The \(\hat{\lambda}_{ij}\)’s are identical. To show the equivalence for the representation of the interaction, the GPCM category scores \(x_j\) need to be multiplied by the weights \(\hat{a}_{i}\); that is,

g.2pl$estimates[, 4] * g.2pl$estimates[, 5:6]
##               x1        x2
## wordA -0.2211538 0.2211538
## wordB -0.6180257 0.6180257
## wordC -0.2175159 0.2175159
## wordD -0.6079709 0.6079709
## wordE -0.4767407 0.4767407
## wordF -0.3758641 0.3758641
## wordG -0.1618439 0.1618439
## wordH -0.2404240 0.2404240
## wordI -0.2126254 0.2126254
## wordJ -0.5493123 0.5493123

which are equal to the \(\hat{\nu}_{ij}\)’s from the Nominal model.

Other Uses and Future Releases

All the functions used by ‘pleLMA’ are available as source. The algorithm is modular and can be “canabilzied” for specific uses or alternative models. For example, in a replication study, the problem can be set up using the ‘set.up’ function once, and then use the “fit.rasch”, “fit.gpcm” or “fit.nominal”. In a replication, only the response vector in the Master data frame needs to be changed (i.e., do not have to re-create the master data frame) so a loop would go around the function that fits the model. This can be sped up even further by pulling the code out of the functions and only including what is absolutely necessary (and use parameter estimates from the previous model fit). This same strategy can be used to perform jackknife or bootstrap to get standard errors for parameters. Alternatively, functions can be pulled and modified to allow some items to be fit by say a GPCM and others by the Nominal model.

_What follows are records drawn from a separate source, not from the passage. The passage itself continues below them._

lemma frob_norm_sq_add:
  assumes "A \<in> carrier_mat r c" and "B \<in> carrier_mat r c"
  shows "(frob_norm (A + B))\<^sup>2 = (frob_norm A)\<^sup>2 + 2 * frob_inner A B + (frob_norm B)\<^sup>2"
  using assms unfolding frob_norm_sq frob_inner_def
  by (simp add: sum.distrib sum_distrib_left algebra_simps)

lemma frob_inner_mult_left:
  assumes A: "A \<in> carrier_mat k r" and M: "M \<in> carrier_mat r c" and B: "B \<in> carrier_mat k c"
  shows "frob_inner (A * M) B = frob_inner M (A\<^sup>T * B)"
proof -
  have "frob_inner (A * M) B = (\<Sum>i<k. \<Sum>j<c. \<Sum>l<r. A $$ (i, l) * M $$ (l, j) * B $$ (i, j))"
    using A M unfolding frob_inner_def
    by (simp add: scalar_prod_def sum_distrib_right atLeast0LessThan)
  also have "\<dots> = (\<Sum>l<r. \<Sum>j<c. \<Sum>i<k. A $$ (i, l) * M $$ (l, j) * B $$ (i, j))"
    by (simp add: sum.swap[of _ "{..<k}"] sum.swap[of _ "{..<c}" "{..<r}"])
  also have "\<dots> = frob_inner M (A\<^sup>T * B)"
    using A M B unfolding frob_inner_def
    by (simp add: scalar_prod_def sum_distrib_left atLeast0LessThan mult_ac)
  finally show ?thesis .
qed

text \<open>\<open>P = A\<^sup>T (P\<^sup>T P)\<close> lies in the row space of \<open>A\<close>, so it is orthogonal to \<open>D - P\<close>,
  which \<open>A\<close> annihilates.\<close>

lemma frob_norm_mp_pinv_le:
  fixes A :: "real mat"
  assumes A: "A \<in> carrier_mat n k" and D: "D \<in> carrier_mat k n" and AD: "A * D = 1\<^sub>m n"
  shows "frob_norm (mp_pinv A) \<le> frob_norm D"
proof -
  define P where "P = mp_pinv A"
  have pen: "penrose_inverse A P" and AP: "A * P = 1\<^sub>m n"
    using mp_pinv_if_right_inverse[OF A D AD] unfolding P_def by auto
  have P: "P \<in> carrier_mat k n" using pen A unfolding penrose_inverse_def by simp
  have DP: "D - P \<in> carrier_mat k n" using P by (rule minus_carrier_mat)
  have "P = (P * A)\<^sup>T * P" using pen unfolding penrose_inverse_def by simp
  also have "\<dots> = A\<^sup>T * (P\<^sup>T * P)" using A P by (simp add: transpose_mult[OF P A])
  finally have "frob_inner P (D - P) = frob_inner (A\<^sup>T * (P\<^sup>T * P)) (D - P)"
    by (rule arg_cong[where f = "\<lambda>X. frob_inner X (D - P)"])
  also have "\<dots> = frob_inner (P\<^sup>T * P) (A * (D - P))"
    using frob_inner_mult_left[of "A\<^sup>T" k n "P\<^sup>T * P" n "D - P"] A P DP by simp
  also have "A * (D - P) = 0\<^sub>m n n" using A P D AD AP by (simp add: mult_minus_distrib_mat)
  finally have "frob_inner P (D - P) = 0" using P unfolding frob_inner_def by simp
  moreover have "D = P + (D - P)" using P D by (intro eq_matI) auto
  ultimately have "(frob_norm D)\<^sup>2 = (frob_norm P)\<^sup>2 + (frob_norm (D - P))\<^sup>2"
    using frob_norm_sq_add[OF P DP] by simp
  hence "(frob_norm P)\<^sup>2 \<le> (frob_norm D)\<^sup>2" by simp
  thus ?thesis unfolding P_def using frob_norm_nonneg power2_le_imp_le by blast
qed

lemma penrose_inverse_projector:
  assumes "penrose_inverse A B"
  shows "B * A \<in> carrier_mat (dim_col A) (dim_col A)" and "(B * A) * (B * A) = B * A"
    and "(B * A)\<^sup>T = B * A"
proof -
  have A: "A \<in> carrier_mat (dim_row A) (dim_col A)" by auto
  have B: "B \<in> carrier_mat (dim_col A) (dim_row A)"
    using assms unfolding penrose_inverse_def by simp
  show "B * A \<in> carrier_mat (dim_col A) (dim_col A)" using A B by simp
  have "(B * A) * (B * A) = (B * A * B) * A"
    by (rule assoc_mult_mat[symmetric]) (use A B in auto)
  thus "(B * A) * (B * A) = B * A" using assms unfolding penrose_inverse_def by simp
  show "(B * A)\<^sup>T = B * A" using assms unfolding penrose_inverse_def by simp
qed

lemma symmetric_idempotent_col_sq:
  fixes P :: "real mat"
  assumes P: "P \<in> carrier_mat m m" and PP: "P * P = P" and PT: "P\<^sup>T = P" and i: "i < m"
  shows "col P i \<bullet> col P i = P $$ (i, i)"
proof -
  have "row P i = col P\<^sup>T i" using P i by simp
  hence "col P i = row P i" using PT by simp
  hence "col P i \<bullet> col P i = (P * P) $$ (i, i)" using P i by simp
  thus ?thesis using PP by simp
qed

lemma symmetric_idempotent_diag_le_one:
  fixes P :: "real mat"
  assumes P: "P \<in> carrier_mat m m" and PP: "P * P = P" and PT: "P\<^sup>T = P" and i: "i < m"
  shows "P $$ (i, i) \<le> 1"
proof -
  have "(P $$ (i, i))\<^sup>2 \<le> (\<Sum>k\<in>{0..<m}. (col P i $ k)\<^sup>2)"
    using member_le_sum[of i "{0..<m}" "\<lambda>k. (col P i $ k)\<^sup>2"] P i by simp
  also have "\<dots> = P $$ (i, i)"
    using symmetric_idempotent_col_sq[OF assms] P unfolding scalar_prod_def
    by (simp add: power2_eq_square)
  finally have "P $$ (i, i) * P $$ (i, i) \<le> P $$ (i, i) * 1" by (simp add: power2_eq_square)
  thus ?thesis by (cases "P $$ (i, i) > 0") (auto simp: mult_le_cancel_left_pos)
qed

In future versions, options for fitting different models to items will be added, along with more complex latent structures, multiple methods for estimating standard errors, dealing with different numbers of categories per item, and the ability to include collateral information. Even though all of these variations are planned, the current version of the pleLMA package opens up more wide spread use of association models for categorical data.

Appendix

All of the objects potentially created by fitting a model to data are listed and described in the following table. Whether an object is NULL depends on the version of the pseudo-likelihood alogirthm that is used, which is determined by the model that was specified. Objects produced by versions of the algorithm are indicated by a check mark and objects that are null are blanks.

Object Description Algorithm I Algorithm II Algorithm III
model.type model type fit to data
TraitByTrait trait \(\times\) trait adjacency matrix
ItemByTrait item \(\times\) trait adjacency
item.by.trait vector indicating the trait that items are directly related to
ItemNames names of items used in the data set
PhiNames names of association parametr (i.e., \(\sigma_{mm'}\)s) in stacked data and formula
formula.item formula for item regressions
formula.phi formula for stacked regressions
npersons number of individuals or cases
nitems number of items
ncat number of categories per item
nless ncat - 1 = number of non-redundant \(\hat{\lambda}_{ij}\) and \(\hat{\nu}_{ijm}\) (or \(\hat{a}_{im}\)) per item
Maxnphi max number of \(\sigma_{mm'}\)s estimated ("phi\(\sigma\))
ntraits number of unobserved traits
starting.sv starting category scale value for Nominal or fixed scores for rasch and gpcm models
tol convergence criterion (default \(=1e-06\))
criterion max absolute difference between items’ log likelihoods on last 2 iterations
item.log log file of \(\hat{\nu}_{ijm}\)s (or \(a_{im}\)) and \(\hat{\lambda}_{ij}\)
phi.log log file of \(\hat{\phi}_{mm'}\) and \(\hat{\lambda}_{ij}\)
estimates item by estimated item parameters and log(Likelihood)
Phi.mat estimated \(\mathbf{\Sigma}\)s (matrix of association parameters)
item.mlogit list of ‘mlogit’ output from item regressions after convergence
phi.mlogit ‘mlogit’ output for \(\sigma_{mm'}\)s from stacked regression after convergence
mlpl.item value of the maximum log pseudo-likelihood function from item regressions
mlpl.phi value of the maximum log pseudo-likelihood function from stacked regression
AIC Akaike information criteria (smaller is better)
BIC Bayesian information criteria (smaller is better)

References

Anderson, Carolyn J., Maria Kateri, and Irini Moustaki. 2021. “Log-Linear and Log-Multiplicative Association Models for Categorical Data.” Manuscript.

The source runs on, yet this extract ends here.